[Saved entries]
────────────────────
(* Let $n\geq 1$. No automorphism of a thick building of type $\mathsf{A}_n\times\mathsf{A}_n$ that interchanges the two components and acts as an involution on the type set is domestic.
   Context: A building of type $\mathsf{A}_n\times\mathsf{A}_n$ is a product of two buildings of type $\mathsf{A}_n$; its type set is the disjoint union of the two type sets, and an automorphism is a simplicial automorphism, inducing a permutation of the type set. Chambers are opposite if they are at maximal gallery distance; an automorphism is domestic if it maps no chamber to an opposite chamber. *)

theory Defs
  imports "HOL-Combinatorics.Permutations"
begin

text \<open>The Coxeter system of type A_n: W = Sym({0..n}) (permutations of {..n}),
  product = composition, generators s_i = transposition (i, i+1) for i < n,
  length = number of inversions, longest element w0 = (k \<mapsto> n - k).\<close>

definition sgen :: "nat \<Rightarrow> nat \<Rightarrow> nat" where
  "sgen i = (\<lambda>k. if k = i then Suc i else if k = Suc i then i else k)"

definition inv_count :: "nat \<Rightarrow> (nat \<Rightarrow> nat) \<Rightarrow> nat" where
  "inv_count n p = card {(i, j). i < j \<and> j \<le> n \<and> p j < p i}"

definition w0 :: "nat \<Rightarrow> nat \<Rightarrow> nat" where
  "w0 n = (\<lambda>k. if k \<le> n then n - k else k)"

text \<open>Building of type A_n as a W-metric building (Abramenko--Brown, Def. 5.1):
  chamber set C, Weyl distance \<delta>.\<close>

definition building_An :: "nat \<Rightarrow> 'c set \<Rightarrow> ('c \<Rightarrow> 'c \<Rightarrow> nat \<Rightarrow> nat) \<Rightarrow> bool" where
  "building_An n C \<delta> \<longleftrightarrow>
     C \<noteq> {} \<and>
     (\<forall>x\<in>C. \<forall>y\<in>C. \<delta> x y permutes {..n}) \<and>
     (\<forall>x\<in>C. \<forall>y\<in>C. \<delta> x y = id \<longleftrightarrow> x = y) \<and>
     (\<forall>x\<in>C. \<forall>y\<in>C. \<forall>z\<in>C. \<forall>i<n. \<delta> z x = sgen i \<longrightarrow>
        ((\<delta> z y = sgen i \<circ> \<delta> x y \<or> \<delta> z y = \<delta> x y) \<and>
         (inv_count n (sgen i \<circ> \<delta> x y) = Suc (inv_count n (\<delta> x y))
            \<longrightarrow> \<delta> z y = sgen i \<circ> \<delta> x y))) \<and>
     (\<forall>x\<in>C. \<forall>y\<in>C. \<forall>i<n. \<exists>z\<in>C. \<delta> z x = sgen i \<and> \<delta> z y = sgen i \<circ> \<delta> x y)"

text \<open>Thick: every panel contains at least three chambers.\<close>
definition thick_An :: "nat \<Rightarrow> 'c set \<Rightarrow> ('c \<Rightarrow> 'c \<Rightarrow> nat \<Rightarrow> nat) \<Rightarrow> bool" where
  "thick_An n C \<delta> \<longleftrightarrow>
     (\<forall>x\<in>C. \<forall>i<n. \<exists>y\<in>C. \<exists>z\<in>C. y \<noteq> z \<and> \<delta> x y = sgen i \<and> \<delta> x z = sgen i)"

definition prod_types :: "nat \<Rightarrow> (nat + nat) set" where
  "prod_types n = Inl ` {..<n} \<union> Inr ` {..<n}"

fun prod_adj :: "('a \<Rightarrow> 'a \<Rightarrow> nat \<Rightarrow> nat) \<Rightarrow> ('b \<Rightarrow> 'b \<Rightarrow> nat \<Rightarrow> nat) \<Rightarrow> nat + nat
                  \<Rightarrow> 'a \<times> 'b \<Rightarrow> 'a \<times> 'b \<Rightarrow> bool" where
  "prod_adj \<delta>1 \<delta>2 (Inl i) x y \<longleftrightarrow> \<delta>1 (fst x) (fst y) \<in> {id, sgen i} \<and> snd x = snd y"
| "prod_adj \<delta>1 \<delta>2 (Inr i) x y \<longleftrightarrow> \<delta>2 (snd x) (snd y) \<in> {id, sgen i} \<and> fst x = fst y"
lemma LD_symmetric: "x \<in> D \<Longrightarrow> v \<in> D \<Longrightarrow> cinner (LD l x) v = cinner x (LD l v)"
  using nderiv_cong_open[OF open_S_real _ lam0_S_real, of "\<lambda>t. cinner (L (complex_of_real t) x) v"
      "\<lambda>t. cinner x (L (complex_of_real t) v)"] L_symmetric nderiv_cinner_L
  by simp

lemma LD_add: "x \<in> D \<Longrightarrow> y \<in> D \<Longrightarrow> LD l (x + y) = LD l x + LD l y"
proof (rule dense_cinner_eq[OF D_dense])
  fix v assume "x \<in> D" "y \<in> D" "v \<in> D"
  moreover have "x + y \<in> D" using D_subspace \<open>x \<in> D\<close> \<open>y \<in> D\<close> by (simp add: csubspace_def)
  ultimately show "cinner (LD l (x + y)) v = cinner (LD l x + LD l y) v"
    by (simp add: LD_symmetric cinner_add_left)
qed

lemma LD_scale: "x \<in> D \<Longrightarrow> LD l (c *\<^sub>C x) = c *\<^sub>C LD l x"
proof (rule dense_cinner_eq[OF D_dense])
  fix v assume "x \<in> D" "v \<in> D"
  moreover have "c *\<^sub>C x \<in> D" using D_subspace \<open>x \<in> D\<close> by (simp add: csubspace_def)
  ultimately show "cinner (LD l (c *\<^sub>C x)) v = cinner (c *\<^sub>C LD l x) v"
    by (simp add: LD_symmetric cinner_scaleC_left)
qed

lemma eigen_pairing:
  assumes "complex_of_real t \<in> S" "v \<in> D"
  shows "cinner (u j t) (L (complex_of_real t) v) = \<mu> j t *\<^sub>R cinner (u j t) v"
  using L_symmetric[OF assms(1) _ assms(2), of "u j t"] eigen[OF assms(1), of j]
  by (simp add: cinner_scaleC_left scaleR_conv_of_real)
────────────────────
Work instruction: For the string "times", return every line of the data where it appears.

Worked solution:
(* Let $n\geq 1$. No automorphism of a thick building of type $\mathsf{A}_n\times\mathsf{A}_n$ that interchanges the two components and acts as an involution on the type set is domestic.
   Context: A building of type $\mathsf{A}_n\times\mathsf{A}_n$ is a product of two buildings of type $\mathsf{A}_n$; its type set is the disjoint union of the two type sets, and an automorphism is a simplicial automorphism, inducing a permutation of the type set. Chambers are opposite if they are at maximal gallery distance; an automorphism is domestic if it maps no chamber to an opposite chamber. *)
                  \<Rightarrow> 'a \<times> 'b \<Rightarrow> 'a \<times> 'b \<Rightarrow> bool" where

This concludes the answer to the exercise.